Clients who need website building services often find themselves lost with all of the technical jargon they hear, and designers and writers often feel frustrated by the lack of knowledge. There are a few points to keep in mind when working on website building projects for the less technologically inclined.

Don’t Assume Anything

Have you ever tried to explain a basic web action to someone who has little experience online? Even a simple statement such as “click in the text box” can be confusing. Instead, try to go slowly. Try this one out: “do you see the box in the middle of the page with the words ‘XYZ’ at the top? Move the mouse until the arrow points to it and press the left mouse button.” While it takes longer to explain and makes website building a slow process, you will find your clients are more appreciative when you take the time to explain things on their level.

Don’t Explain Everything

Let’s face it. Your clients probably don’t care how you decided to use the platform you chose for their site. They probably really do not understand what you are saying about the pros of Joomla over Drupal. The client just wants to see a nicely done site and know how to make changes to it easily. Leave some mystery to the website building process. Unless your client asks or there is a pressing need for the client to know something, it’s probably best to leave out extraneous techie information.

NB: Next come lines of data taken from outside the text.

lemma seq_assoc: "wt f \<Longrightarrow> wt g \<Longrightarrow> wt h \<Longrightarrow> cd f = dm g \<Longrightarrow> cd g = dm h \<Longrightarrow>
    eqv ax (Seq (Seq f g) h) (Seq f (Seq g h))"
  by (rule eqv_smcI[OF smc_law.seq_assoc]) auto

lemma seq_Id_left: "wt f \<Longrightarrow> n = dm f \<Longrightarrow> eqv ax (Seq (Id n) f) f"
  using eqv_smcI[OF smc_law.seq_idl[of f]] by auto

lemma seq_Id_right: "wt f \<Longrightarrow> n = cd f \<Longrightarrow> eqv ax (Seq f (Id n)) f"
  using eqv_smcI[OF smc_law.seq_idr[of f]] by auto

lemma par_assoc: "wt f \<Longrightarrow> wt g \<Longrightarrow> wt h \<Longrightarrow> eqv ax (Par (Par f g) h) (Par f (Par g h))"
  by (rule eqv_smcI[OF smc_law.par_assoc]) auto

lemma par_Id0_left: "wt f \<Longrightarrow> eqv ax (Par (Id 0) f) f"
  by (rule eqv_smcI[OF smc_law.par_unitl]) auto

lemma par_Id0_right: "wt f \<Longrightarrow> eqv ax (Par f (Id 0)) f"
  by (rule eqv_smcI[OF smc_law.par_unitr]) auto

lemma par_Id_Id: "eqv ax (Par (Id m) (Id n)) (Id (m + n))"
  by (rule eqv_smcI[OF smc_law.par_id]) auto

lemma par_Id1_Id: "eqv ax (Par (Id 1) (Id n)) (Id (Suc n))"
  using par_Id_Id[of _ 1 n] by simp

lemma interchange:
  "wt f \<Longrightarrow> wt g \<Longrightarrow> wt h \<Longrightarrow> wt k \<Longrightarrow> cd f = dm g \<Longrightarrow> cd h = dm k \<Longrightarrow>
    eqv ax (Par (Seq f g) (Seq h k)) (Seq (Par f h) (Par g k))"
  by (rule eqv_smcI[OF smc_law.interchange]) auto

lemma Sym_natural: "wt f \<Longrightarrow> wt g \<Longrightarrow>
    eqv ax (Seq (Par f g) (Sym (cd f) (cd g))) (Seq (Sym (dm f) (dm g)) (Par g f))"
  by (rule eqv_smcI[OF smc_law.sym_nat]) auto

lemma Sym_0_left: "eqv ax (Sym 0 m) (Id m)"
  by (rule eqv_smcI[OF smc_law.sym_unitl]) auto

lemma Sym_0_right: "eqv ax (Sym m 0) (Id m)"
  by (rule eqv_smcI[OF smc_law.sym_unitr]) auto

lemma copyn_natural: "wt f \<Longrightarrow> Seq f (copyn (cd f)) \<approx> Seq (copyn (dm f)) (Par f f)"
  by (rule eqv_axI[of axA, OF axA.copy_nat]) auto

lemma discardn_natural: "wt f \<Longrightarrow> Seq f (discardn (cd f)) \<approx> discardn (dm f)"
  by (rule eqv_axI[of axA, OF axA.discard_nat]) auto

lemma Sym_seq_par_swap:
  assumes "wt f" "wt g" "cd f = 0 \<or> cd g = 0"
  shows "eqv ax (Seq (Sym (dm f) (dm g)) (Par g f)) (Par f g)"
proof -
  have "eqv ax (Seq (Sym (dm f) (dm g)) (Par g f)) (Seq (Par f g) (Sym (cd f) (cd g)))"
    using Sym_natural[of f g] assms by (simp add: eqv.sym)
  also have "eqv ax \<dots> (Seq (Par f g) (Id (cd f + cd g)))"
    using assms by (auto intro!: seq_congR Sym_0_left Sym_0_right)
  also have "eqv ax \<dots> (Par f g)"
    using assms by (intro seq_Id_right) auto
  finally show ?thesis .
qed

lemma shuffle_par_par:
  assumes w: "wt x1" "wt x2" "wt A" "wt B"
    and d: "dm x1 = 1" "dm x2 = 1" "dm A = k" "dm B = k"
    and z: "cd x2 = 0 \<or> cd A = 0"
  shows "eqv ax (Seq (Par (Id 1) (Par (Sym 1 k) (Id k))) (Par (Par x1 A) (Par x2 B)))
    (Par (Par x1 x2) (Par A B))"
proof -
  let ?shuffle = "Par (Id 1) (Par (Sym 1 k) (Id k))"
  have "eqv ax (Seq ?shuffle (Par (Par x1 A) (Par x2 B))) (Seq ?shuffle (Par x1 (Par (Par A x2) B)))"
  proof (rule seq_congR)
    have "eqv ax (Par (Par x1 A) (Par x2 B)) (Par x1 (Par A (Par x2 B)))"
      using w by (intro par_assoc) auto
    also have "eqv ax \<dots> (Par x1 (Par (Par A x2) B))"
      using w by (intro par_congR eqv.sym[OF par_assoc]) auto
    finally show "eqv ax (Par (Par x1 A) (Par x2 B)) (Par x1 (Par (Par A x2) B))" .
  qed (use d in auto)
  also have "eqv ax \<dots> (Par (Seq (Id 1) x1) (Par (Seq (Sym 1 k) (Par A x2)) (Seq (Id k) B)))"
  proof -
    have "eqv ax (Seq ?shuffle (Par x1 (Par (Par A x2) B)))
        (Par (Seq (Id 1) x1) (Seq (Par (Sym 1 k) (Id k)) (Par (Par A x2) B)))"
      using w d by (intro eqv.sym[OF interchange]) auto
    also have "eqv ax \<dots> (Par (Seq (Id 1) x1) (Par (Seq (Sym 1 k) (Par A x2)) (Seq (Id k) B)))"
      using w d by (intro par_congR eqv.sym[OF interchange]) auto
    finally show ?thesis .
  qed
  also have "eqv ax \<dots> (Par x1 (Par (Par x2 A) B))"
    using w d Sym_seq_par_swap[of x2 A ax] z
    by (intro eqv.par seq_Id_left) auto
  also have "eqv ax \<dots> (Par (Par x1 x2) (Par A B))"
  proof -
    have "eqv ax (Par x1 (Par (Par x2 A) B)) (Par x1 (Par x2 (Par A B)))"
      using w by (intro par_congR par_assoc) auto
    also have "eqv ax \<dots> (Par (Par x1 x2) (Par A B))"
      using w by (intro eqv.sym[OF par_assoc]) auto
    finally show ?thesis .
  qed
  finally show ?thesis .
qed
lemma line_int_cmult_le:
  assumes k: "0 < k" and nonneg: "\<And>t. t \<in> {0..1} \<Longrightarrow> 0 \<le> \<rho> (g t)"
  shows "line_int n (\<lambda>x. k * \<rho> x) g \<le> ennreal k * line_int n \<rho> g"
proof -
  have "line_int n (\<lambda>x. k * \<rho> x) g
      = (\<integral>\<^sup>+ t. ennreal k * (ennreal (\<rho> (g t)) * indicator {0..1} t) \<partial>interval_measure (arclen n g))"
    unfolding line_int_def
    by (intro nn_integral_cong) (use k nonneg in \<open>auto simp: indicator_def ennreal_mult\<close>)
  also have "\<dots> \<le> ennreal k * line_int n \<rho> g"
    unfolding line_int_def using k by (rule nn_integral_cmult_le)
  finally show ?thesis .
qed

lemma joins_image_subset: "g \<in> joins n D z w \<Longrightarrow> t \<in> {0..1} \<Longrightarrow> g t \<in> D"
  by (auto simp: joins_def)

lemma dist_rho_mono:
  assumes "\<And>x. x \<in> D \<Longrightarrow> \<rho>1 x \<le> \<rho>2 x"
  shows "dist_rho n D \<rho>1 z w \<le> dist_rho n D \<rho>2 z w"
  unfolding dist_rho_def
proof (rule INF_mono)
  fix g assume g: "g \<in> joins n D z w"
  then have "line_int n \<rho>1 g \<le> line_int n \<rho>2 g"
    by (intro line_int_mono assms joins_image_subset)
  with g show "\<exists>g'\<in>joins n D z w. line_int n \<rho>1 g' \<le> line_int n \<rho>2 g"
    by blast
qed
(* Let $\mathcal P$ be any set of integer vectors in $\mathbb Z^d$. Then one of the following holds: (i) there is a non-zero $v\in\mathbb R^d$ with $v\cdot p\ge0$ for all $p\in\mathcal P$; (ii) there is a strict sublattice of $\mathbb Z^d$ containing every vector of $\mathcal P$; (iii) there is a finite subset $\mathcal Q=\{q_1,\dots,q_k\}\subseteq\mathcal P$ that is spanning. Moreover, in case (iii), for any norm $\|\cdot\|_M$ on $\mathbb R^d$ there are constants $\mu,\nu$ such that every $z\in\mathbb Z^d$ can be written as $z=q_1+\dots+q_n$ with each $q_i\in\mathcal Q$, $n\le\mu\|z\|_M$ and $\sum_{i=1}^n\|q_i\|_M\le\nu\|z\|_M$.
   Context: A set of vectors in $\mathbb Z^d$ is spanning if every vector of $\mathbb Z^d$ can be written as a finite sum of (possibly repeated) vectors from the set. *)

theory Defs
  imports "HOL-Analysis.Analysis"
begin

text \<open>Integer vectors of Z^d are modelled as int ^ 'd; the dimension d = CARD('d).\<close>

definition to_real_vec :: "int ^ 'd \<Rightarrow> real ^ 'd" where
  "to_real_vec z = (\<chi> i. real_of_int (z $ i))"

definition spanning :: "(int ^ 'd) set \<Rightarrow> bool" where
  "spanning S \<longleftrightarrow> (\<forall>z. \<exists>qs. set qs \<subseteq> S \<and> sum_list qs = z)"

definition sublattice :: "(int ^ 'd) set \<Rightarrow> bool" where
  "sublattice L \<longleftrightarrow> 0 \<in> L \<and> (\<forall>x\<in>L. \<forall>y\<in>L. x + y \<in> L) \<and> (\<forall>x\<in>L. - x \<in> L)"

definition is_norm :: "(real ^ 'd \<Rightarrow> real) \<Rightarrow> bool" where
  "is_norm N \<longleftrightarrow> (\<forall>x. N x = 0 \<longleftrightarrow> x = 0) \<and> (\<forall>c x. N (c *\<^sub>R x) = \<bar>c\<bar> * N x)
                 \<and> (\<forall>x y. N (x + y) \<le> N x + N y)"

end

theory Submission
  imports Defs
begin
(* There is a constant $C>0$ such that for all integers $n\ge 2$, $D\ge 1$ and $k$ with $0<k\le D$, there exist a deterministic distributed algorithm and, for every graph $G$ of size $n$ and diameter $D$, an advice assignment of size at most $C\,(n^2\log n)/(D-k+1)$, under which the algorithm accomplishes labeled topology recognition in $G$ within time $D-k$.
   Context: Graphs are finite, simple, undirected, connected, with no node labels; at each node of degree $d$ the incident edges carry distinct port numbers $0,\dots,d-1$ (no coherence between endpoints). Isomorphism is a bijection of nodes preserving edges and port numbers at both endpoints. Size = number of nodes; $\log$ is base 2. Communication model (LOCAL): synchronous rounds, all nodes start simultaneously; in each round every node may send arbitrary messages to all neighbours, receives their messages (knowing the arrival port), and performs arbitrary local computation. Initially a node knows only its degree and its advice. Advice: an oracle knowing the graph assigns each node a binary string; the size of advice is the maximum string length. All nodes run the same deterministic algorithm. Labeled topology recognition: all nodes output the same port-labeled graph $H$ with distinct node labels and each node its own label, such that some isomorphism $G\to H$ maps every node to the node carrying the label it output. Time is the number of rounds until all nodes have output (time $0$ means no communication). *)

theory Defs
  imports Complex_Main
begin

text \<open>Nodes are 0..<gsize G. At node v, port i < deg G v leads to node fst (nbr G v i),
  arriving there at port snd (nbr G v i). Values for ports \<ge> deg are irrelevant.\<close>

record pgraph =
  gsize :: nat
  deg :: "nat \<Rightarrow> nat"
  nbr :: "nat \<Rightarrow> nat \<Rightarrow> nat \<times> nat"

definition adj_rel :: "pgraph \<Rightarrow> (nat \<times> nat) set" where
  "adj_rel G = {(v, u). v < gsize G \<and> (\<exists>i < deg G v. fst (nbr G v i) = u)}"

definition wf_pgraph :: "pgraph \<Rightarrow> bool" where
  "wf_pgraph G \<longleftrightarrow>
     (\<forall>v < gsize G. \<forall>i < deg G v.
        fst (nbr G v i) < gsize G \<and> fst (nbr G v i) \<noteq> v \<and>
        snd (nbr G v i) < deg G (fst (nbr G v i)) \<and>
        nbr G (fst (nbr G v i)) (snd (nbr G v i)) = (v, i)) \<and>
     (\<forall>v < gsize G. \<forall>i < deg G v. \<forall>j < deg G v.
        fst (nbr G v i) = fst (nbr G v j) \<longrightarrow> i = j)"

definition connected_pgraph :: "pgraph \<Rightarrow> bool" where
  "connected_pgraph G \<longleftrightarrow> gsize G \<ge> 1 \<and>
     (\<forall>u < gsize G. \<forall>v < gsize G. (u, v) \<in> (adj_rel G)\<^sup>*)"

definition gdist :: "pgraph \<Rightarrow> nat \<Rightarrow> nat \<Rightarrow> nat" where
  "gdist G u v = (LEAST d. (u, v) \<in> adj_rel G ^^ d)"

definition diameter :: "pgraph \<Rightarrow> nat" where
  "diameter G = Max {gdist G u v | u v. u < gsize G \<and> v < gsize G}"

definition iso_map :: "pgraph \<Rightarrow> pgraph \<Rightarrow> (nat \<Rightarrow> nat) \<Rightarrow> bool" where
  "iso_map G H f \<longleftrightarrow> bij_betw f {..<gsize G} {..<gsize H} \<and>
     (\<forall>v < gsize G. deg H (f v) = deg G v \<and>
        (\<forall>i < deg G v. nbr H (f v) i = (f (fst (nbr G v i)), snd (nbr G v i))))"

text \<open>Local states and messages are natural
  numbers (any finite information can be encoded). The initial state depends only on the
  degree and the advice; in each round a node sends message send s i on each port i, and
  updates its state from the received messages indexed by arrival port.
  A node outputs (H, l) at the first round where out gives a value.\<close>

record algorithm =
  init :: "nat \<Rightarrow> bool list \<Rightarrow> nat"
  send :: "nat \<Rightarrow> nat \<Rightarrow> nat"
  trans :: "nat \<Rightarrow> (nat \<Rightarrow> nat) \<Rightarrow> nat"
  out :: "nat \<Rightarrow> (pgraph \<times> nat) option"

fun run :: "algorithm \<Rightarrow> pgraph \<Rightarrow> (nat \<Rightarrow> bool list) \<Rightarrow> nat \<Rightarrow> nat \<Rightarrow> nat" where
  "run A G adv 0 v = init A (deg G v) (adv v)"
| "run A G adv (Suc t) v =
     trans A (run A G adv t v)
       (\<lambda>j. if j < deg G v
            then send A (run A G adv t (fst (nbr G v j))) (snd (nbr G v j))
            else 0)"

definition outputs_at :: "algorithm \<Rightarrow> pgraph \<Rightarrow> (nat \<Rightarrow> bool list) \<Rightarrow> nat \<Rightarrow> nat
    \<Rightarrow> pgraph \<times> nat \<Rightarrow> bool" where
  "outputs_at A G adv v t res \<longleftrightarrow> out A (run A G adv t v) = Some res \<and>
     (\<forall>t' < t. out A (run A G adv t' v) = None)"

definition solves_ltr :: "algorithm \<Rightarrow> pgraph \<Rightarrow> (nat \<Rightarrow> bool list) \<Rightarrow> nat \<Rightarrow> bool" where
  "solves_ltr A G adv T \<longleftrightarrow>
     (\<exists>H lab. (\<forall>v < gsize G. \<exists>t \<le> T. outputs_at A G adv v t (H, lab v)) \<and>
              iso_map G H lab)"

definition advice_size_le :: "pgraph \<Rightarrow> (nat \<Rightarrow> bool list) \<Rightarrow> real \<Rightarrow> bool" where
  "advice_size_le G adv b \<longleftrightarrow> (\<forall>v < gsize G. real (length (adv v)) \<le> b)"

end

theory Submission
  imports Defs "HOL-Library.Countable" "HOL-Library.Log_Nat"
begin

text \<open>Let \<open>T = D - k < D\<close>, pick nodes \<open>u\<close>, \<open>z\<close> at distance \<open>D\<close>, and colour each node by its
  distance from \<open>u\<close> modulo \<open>T + 1\<close>. Because distances from \<open>u\<close> change by at most one along an
  edge and range over all of \<open>0..D\<close>, every ball of radius \<open>T\<close> contains nodes of all \<open>T + 1\<close> colours.
  Write the whole port-labelled graph as a string of \<open>O(n\<^sup>2 log n)\<close> bits, cut it into \<open>T + 1\<close>
  chunks, and give each node its label, its colour and the chunk of its colour: \<open>O(n\<^sup>2 log n / (T + 1))\<close>
  bits. After \<open>T\<close> rounds of flooding every node has seen all chunks, so it can rebuild the graph
  and output it together with its own label.\<close>

lemma adj_rel_wf:
  assumes "wf_pgraph G" "(v, w) \<in> adj_rel G"
  shows "v < gsize G \<and> w < gsize G \<and> (w, v) \<in> adj_rel G"
proof -
  from assms(2) obtain i where i: "v < gsize G" "i < deg G v" "fst (nbr G v i) = w"
    by (auto simp: adj_rel_def)
  with assms(1) have "w < gsize G" "snd (nbr G v i) < deg G w" "nbr G w (snd (nbr G v i)) = (v, i)"
    unfolding wf_pgraph_def by metis+
  then show ?thesis
    using i by (auto simp: adj_rel_def intro!: exI[of _ "snd (nbr G v i)"])
qed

Don’t Let Frustration Show

So, you’ve explained what a blog is 14 times and even sent links of sample blogs. And your client still wants to know what “this blogging fuss” is all about. Close your eyes. Take a deep breath. Explain it again. If you have been over the same material repeatedly, you have three basic ways to remedy the problem. Offer to write down the information your client keeps asking to have explained. Sometimes when people can read about what they need to know, it’s easier. Another option is to provide links to good sites with beginner-level information. Reading someone else’s explanation coupled with yours may click for the client in a way that just your explanation does not.

An old teacher’s trick you can try is to have the client tell you what he understands from your descriptions. If your client is the one asking about blogging repeatedly, you can say “what do you think a blog is?” Non-threatening questions, such as “can you tell me how much is making sense,” can help your client tell you where the breakdown in communication is. Perhaps there is a misunderstanding early on that would help solve the problem.

Website building is a complex process. Unlike other industries, the final product is easy to see but hard to visualize coming to fruition. Few people think much about how website building happens, and especially for clients who reached middle age before ever using the Internet, the whole concept can be a bit mind-boggling.